=== SUPPLIED MATERIAL ===
lemma prob_few_low_degree_ge:
  assumes U: "U \<subseteq> {0..<n}" and V: "V \<subseteq> {0..<n}" and disj: "U \<inter> V = {}"
    and p: "0 < p" "p \<le> 1"
    and small: "real n * p * (real r * exp (real r) * (1 + real (card U) * p) ^ r
                  * exp (- (real (card U) * p))) \<le> exp (-2)"
  shows "measure_pmf.prob (gnp n p) {G. real (card (low_degree_vertices G U r V)) \<le> 1 / p}
           \<ge> 1 - exp (- 1 / p)"
proof -
  define q where "q = (\<Sum>j<r. real (card U choose j) * p ^ j * (1 - p) ^ (card U - j))"
  define Q where "Q = real r * exp (real r) * (1 + real (card U) * p) ^ r * exp (- (real (card U) * p))"
  define k where "k = nat \<lfloor>1 / p\<rfloor> + 1"
  define B where "B = {G. real (card (low_degree_vertices G U r V)) \<le> 1 / p}"
  let ?P = "measure_pmf.prob (gnp n p)"
  have k: "1 / p \<le> real k" unfolding k_def by linarith
  have q0: "0 \<le> q" unfolding q_def using p by (intro sum_nonneg) simp
  have "card V \<le> n" using card_mono[OF _ V] by simp
  hence "real (card V) * q \<le> real n * q" using q0 by (intro mult_right_mono) auto
  also have "\<dots> \<le> real n * Q"
    unfolding q_def Q_def using p by (intro mult_left_mono binomial_lower_tail_le) auto
  also have "\<dots> \<le> exp (-2) / p" using small p unfolding Q_def by (simp add: field_simps)
  also have "\<dots> \<le> exp (-2) * real k" using k p by (simp add: divide_simps mult.commute)
  finally have Vq: "real (card V) * q \<le> exp (-2) * real k" .
  have "UNIV - B \<subseteq> {G. k \<le> card (low_degree_vertices G U r V)}"
    using p unfolding B_def k_def by (auto simp: not_le Suc_le_eq nat_less_iff floor_less_iff)
  hence "?P (UNIV - B) \<le> ?P {G. k \<le> card (low_degree_vertices G U r V)}"
    by (intro measure_pmf.finite_measure_mono) simp_all
  also have "\<dots> \<le> real (card V choose k) * q ^ k"
    unfolding q_def using p by (intro prob_many_low_degree_le[OF U V disj]) auto
  also have "\<dots> \<le> exp (- real k)" by (rule choose_mult_power_le_exp[OF q0 Vq])
  also have "\<dots> \<le> exp (- 1 / p)" using k by simp
  finally show ?thesis
    using measure_pmf.prob_compl[of B "gnp n p"] unfolding B_def by simp
qed

lemma eventually_abs_le_1_of_smallo_powr:
  fixes p :: "nat \<Rightarrow> real"
  assumes "p \<in> o(\<lambda>n. real n powr a)" and "a \<le> 0"
  shows "\<forall>\<^sub>F n in at_top. \<bar>p n\<bar> \<le> 1"
proof -
  have "\<forall>\<^sub>F n in at_top. norm (p n) \<le> 1 * norm (real n powr a)"
    by (rule landau_o.smallD[OF assms(1)]) simp
  moreover have "\<forall>\<^sub>F n in at_top. (1::nat) \<le> n" by (rule eventually_ge_at_top)
  ultimately show ?thesis
  proof eventually_elim
    case (elim n)
    have "real n powr a \<le> 1" using elim(2) assms(2) powr_mono2'[of a 1 "real n"] by simp
    thus ?case using elim(1) by simp
  qed
qed

lemma filterlim_mult_at_top_of_smallomega:
  fixes p m :: "nat \<Rightarrow> real"
  assumes p: "p \<in> \<omega>(\<lambda>n. 1 / real n)" and p_le: "\<forall>\<^sub>F n in at_top. \<bar>p n\<bar> \<le> 1"
    and K: "K > 0" and m: "\<And>n. real n < K * (m n + 1)"
  shows "filterlim (\<lambda>n. m n * \<bar>p n\<bar>) at_top at_top"
  unfolding filterlim_at_top
proof
  fix Z :: real
  have "\<forall>\<^sub>F n in at_top. norm (p n) \<ge> K * (Z + 1) * norm (1 / real n)"
    by (rule smallomegaD[OF p])
  moreover have "\<forall>\<^sub>F n in at_top. (1::nat) \<le> n" by (rule eventually_ge_at_top)
  ultimately show "\<forall>\<^sub>F n in at_top. Z \<le> m n * \<bar>p n\<bar>"
    using p_le
  proof eventually_elim
    case (elim n)
    have "K * (Z + 1) \<le> real n * \<bar>p n\<bar>" using elim(1,2) by (simp add: divide_simps mult.commute)
    also have "\<dots> \<le> K * (m n + 1) * \<bar>p n\<bar>" using m[of n] by (intro mult_right_mono) auto
    finally have "Z + 1 \<le> (m n + 1) * \<bar>p n\<bar>" using K by (simp add: mult.assoc)
    thus ?case using elim(3) by (simp add: algebra_simps)
  qed
qed

text \<open>With \<open>y = 1 + m p\<close> and \<open>n p \<le> K y\<close>, the left-hand side is at most \<open>K r e^(r+1) y^(r+1) e^(-y) \<rightarrow> 0\<close>.\<close>
lemma eventually_tail_bound_small:
  fixes p m :: "nat \<Rightarrow> real"
  assumes p_le: "\<forall>\<^sub>F n in at_top. \<bar>p n\<bar> \<le> 1" and lim: "filterlim (\<lambda>n. m n * \<bar>p n\<bar>) at_top at_top"
    and K: "K > 0" and m: "\<And>n. real n < K * (m n + 1)" and m0: "\<And>n. 0 \<le> m n"
  shows "\<forall>\<^sub>F n in at_top. real n * \<bar>p n\<bar> * (real r * exp (real r) * (1 + m n * \<bar>p n\<bar>) ^ r
           * exp (- (m n * \<bar>p n\<bar>))) \<le> exp (-2)"
proof -
  define C where "C = K * real r * exp (real r + 1)"
  define y where "y = (\<lambda>n. 1 + m n * \<bar>p n\<bar>)"
  have "filterlim y at_top at_top"
    unfolding y_def by (rule filterlim_tendsto_add_at_top[OF tendsto_const lim])
  hence "((\<lambda>n. y n ^ (r + 1) / exp (y n)) \<longlongrightarrow> 0) at_top"
    by (rule filterlim_compose[OF tendsto_power_div_exp_0])
  hence "\<forall>\<^sub>F n in at_top. C * (y n ^ (r + 1) / exp (y n)) \<le> exp (-2)"
  proof (cases "r = 0")
    case False
    hence "C > 0" unfolding C_def using K by simp
    from \<open>(_ \<longlongrightarrow> 0) at_top\<close> have "\<forall>\<^sub>F n in at_top. y n ^ (r + 1) / exp (y n) < exp (-2) / C"
      by (rule order_tendstoD(2)) (use \<open>C > 0\<close> in simp)
    thus ?thesis by eventually_elim (use \<open>C > 0\<close> in \<open>simp add: field_simps\<close>)
  qed (simp add: C_def)
  with p_le show ?thesis
  proof eventually_elim
    case (elim n)
    have Q0: "0 \<le> real r * exp (real r) * y n ^ r * exp (- (m n * \<bar>p n\<bar>))"
      using m0[of n] unfolding y_def
      by (intro mult_nonneg_nonneg zero_le_power) (auto simp: zero_le_mult_iff)
    have "real n * \<bar>p n\<bar> \<le> K * (m n + 1) * \<bar>p n\<bar>" using m[of n] by (intro mult_right_mono) auto
    also have "\<dots> \<le> K * y n" using K elim(1) unfolding y_def by (simp add: algebra_simps)
    finally have "real n * \<bar>p n\<bar> * (real r * exp (real r) * y n ^ r * exp (- (m n * \<bar>p n\<bar>)))
        \<le> K * y n * (real r * exp (real r) * y n ^ r * exp (1 - y n))"
      using mult_right_mono[OF _ Q0] unfolding y_def by simp
    also have "\<dots> = C * (y n ^ (r + 1) / exp (y n))"
      unfolding C_def by (simp add: exp_diff exp_add field_simps)
    finally show ?case using elim(2) unfolding y_def by simp
  qed
qed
===
▶ EXERCISE OBJECTIVE
Verbatim and in full, return the listing above.

▶ ANSWER TO THIS EXERCISE
lemma prob_few_low_degree_ge:
  assumes U: "U \<subseteq> {0..<n}" and V: "V \<subseteq> {0..<n}" and disj: "U \<inter> V = {}"
    and p: "0 < p" "p \<le> 1"
    and small: "real n * p * (real r * exp (real r) * (1 + real (card U) * p) ^ r
                  * exp (- (real (card U) * p))) \<le> exp (-2)"
  shows "measure_pmf.prob (gnp n p) {G. real (card (low_degree_vertices G U r V)) \<le> 1 / p}
           \<ge> 1 - exp (- 1 / p)"
proof -
  define q where "q = (\<Sum>j<r. real (card U choose j) * p ^ j * (1 - p) ^ (card U - j))"
  define Q where "Q = real r * exp (real r) * (1 + real (card U) * p) ^ r * exp (- (real (card U) * p))"
  define k where "k = nat \<lfloor>1 / p\<rfloor> + 1"
  define B where "B = {G. real (card (low_degree_vertices G U r V)) \<le> 1 / p}"
  let ?P = "measure_pmf.prob (gnp n p)"
  have k: "1 / p \<le> real k" unfolding k_def by linarith
  have q0: "0 \<le> q" unfolding q_def using p by (intro sum_nonneg) simp
  have "card V \<le> n" using card_mono[OF _ V] by simp
  hence "real (card V) * q \<le> real n * q" using q0 by (intro mult_right_mono) auto
  also have "\<dots> \<le> real n * Q"
    unfolding q_def Q_def using p by (intro mult_left_mono binomial_lower_tail_le) auto
  also have "\<dots> \<le> exp (-2) / p" using small p unfolding Q_def by (simp add: field_simps)
  also have "\<dots> \<le> exp (-2) * real k" using k p by (simp add: divide_simps mult.commute)
  finally have Vq: "real (card V) * q \<le> exp (-2) * real k" .
  have "UNIV - B \<subseteq> {G. k \<le> card (low_degree_vertices G U r V)}"
    using p unfolding B_def k_def by (auto simp: not_le Suc_le_eq nat_less_iff floor_less_iff)
  hence "?P (UNIV - B) \<le> ?P {G. k \<le> card (low_degree_vertices G U r V)}"
    by (intro measure_pmf.finite_measure_mono) simp_all
  also have "\<dots> \<le> real (card V choose k) * q ^ k"
    unfolding q_def using p by (intro prob_many_low_degree_le[OF U V disj]) auto
  also have "\<dots> \<le> exp (- real k)" by (rule choose_mult_power_le_exp[OF q0 Vq])
  also have "\<dots> \<le> exp (- 1 / p)" using k by simp
  finally show ?thesis
    using measure_pmf.prob_compl[of B "gnp n p"] unfolding B_def by simp
qed

lemma eventually_abs_le_1_of_smallo_powr:
  fixes p :: "nat \<Rightarrow> real"
  assumes "p \<in> o(\<lambda>n. real n powr a)" and "a \<le> 0"
  shows "\<forall>\<^sub>F n in at_top. \<bar>p n\<bar> \<le> 1"
proof -
  have "\<forall>\<^sub>F n in at_top. norm (p n) \<le> 1 * norm (real n powr a)"
    by (rule landau_o.smallD[OF assms(1)]) simp
  moreover have "\<forall>\<^sub>F n in at_top. (1::nat) \<le> n" by (rule eventually_ge_at_top)
  ultimately show ?thesis
  proof eventually_elim
    case (elim n)
    have "real n powr a \<le> 1" using elim(2) assms(2) powr_mono2'[of a 1 "real n"] by simp
    thus ?case using elim(1) by simp
  qed
qed

lemma filterlim_mult_at_top_of_smallomega:
  fixes p m :: "nat \<Rightarrow> real"
  assumes p: "p \<in> \<omega>(\<lambda>n. 1 / real n)" and p_le: "\<forall>\<^sub>F n in at_top. \<bar>p n\<bar> \<le> 1"
    and K: "K > 0" and m: "\<And>n. real n < K * (m n + 1)"
  shows "filterlim (\<lambda>n. m n * \<bar>p n\<bar>) at_top at_top"
  unfolding filterlim_at_top
proof
  fix Z :: real
  have "\<forall>\<^sub>F n in at_top. norm (p n) \<ge> K * (Z + 1) * norm (1 / real n)"
    by (rule smallomegaD[OF p])
  moreover have "\<forall>\<^sub>F n in at_top. (1::nat) \<le> n" by (rule eventually_ge_at_top)
  ultimately show "\<forall>\<^sub>F n in at_top. Z \<le> m n * \<bar>p n\<bar>"
    using p_le
  proof eventually_elim
    case (elim n)
    have "K * (Z + 1) \<le> real n * \<bar>p n\<bar>" using elim(1,2) by (simp add: divide_simps mult.commute)
    also have "\<dots> \<le> K * (m n + 1) * \<bar>p n\<bar>" using m[of n] by (intro mult_right_mono) auto
    finally have "Z + 1 \<le> (m n + 1) * \<bar>p n\<bar>" using K by (simp add: mult.assoc)
    thus ?case using elim(3) by (simp add: algebra_simps)
  qed
qed

text \<open>With \<open>y = 1 + m p\<close> and \<open>n p \<le> K y\<close>, the left-hand side is at most \<open>K r e^(r+1) y^(r+1) e^(-y) \<rightarrow> 0\<close>.\<close>
lemma eventually_tail_bound_small:
  fixes p m :: "nat \<Rightarrow> real"
  assumes p_le: "\<forall>\<^sub>F n in at_top. \<bar>p n\<bar> \<le> 1" and lim: "filterlim (\<lambda>n. m n * \<bar>p n\<bar>) at_top at_top"
    and K: "K > 0" and m: "\<And>n. real n < K * (m n + 1)" and m0: "\<And>n. 0 \<le> m n"
  shows "\<forall>\<^sub>F n in at_top. real n * \<bar>p n\<bar> * (real r * exp (real r) * (1 + m n * \<bar>p n\<bar>) ^ r
           * exp (- (m n * \<bar>p n\<bar>))) \<le> exp (-2)"
proof -
  define C where "C = K * real r * exp (real r + 1)"
  define y where "y = (\<lambda>n. 1 + m n * \<bar>p n\<bar>)"
  have "filterlim y at_top at_top"
    unfolding y_def by (rule filterlim_tendsto_add_at_top[OF tendsto_const lim])
  hence "((\<lambda>n. y n ^ (r + 1) / exp (y n)) \<longlongrightarrow> 0) at_top"
    by (rule filterlim_compose[OF tendsto_power_div_exp_0])
  hence "\<forall>\<^sub>F n in at_top. C * (y n ^ (r + 1) / exp (y n)) \<le> exp (-2)"
  proof (cases "r = 0")
    case False
    hence "C > 0" unfolding C_def using K by simp
    from \<open>(_ \<longlongrightarrow> 0) at_top\<close> have "\<forall>\<^sub>F n in at_top. y n ^ (r + 1) / exp (y n) < exp (-2) / C"
      by (rule order_tendstoD(2)) (use \<open>C > 0\<close> in simp)
    thus ?thesis by eventually_elim (use \<open>C > 0\<close> in \<open>simp add: field_simps\<close>)
  qed (simp add: C_def)
  with p_le show ?thesis
  proof eventually_elim
    case (elim n)
    have Q0: "0 \<le> real r * exp (real r) * y n ^ r * exp (- (m n * \<bar>p n\<bar>))"
      using m0[of n] unfolding y_def
      by (intro mult_nonneg_nonneg zero_le_power) (auto simp: zero_le_mult_iff)
    have "real n * \<bar>p n\<bar> \<le> K * (m n + 1) * \<bar>p n\<bar>" using m[of n] by (intro mult_right_mono) auto
    also have "\<dots> \<le> K * y n" using K elim(1) unfolding y_def by (simp add: algebra_simps)
    finally have "real n * \<bar>p n\<bar> * (real r * exp (real r) * y n ^ r * exp (- (m n * \<bar>p n\<bar>)))
        \<le> K * y n * (real r * exp (real r) * y n ^ r * exp (1 - y n))"
      using mult_right_mono[OF _ Q0] unfolding y_def by simp
    also have "\<dots> = C * (y n ^ (r + 1) / exp (y n))"
      unfolding C_def by (simp add: exp_diff exp_add field_simps)
    finally show ?case using elim(2) unfolding y_def by simp
  qed
qed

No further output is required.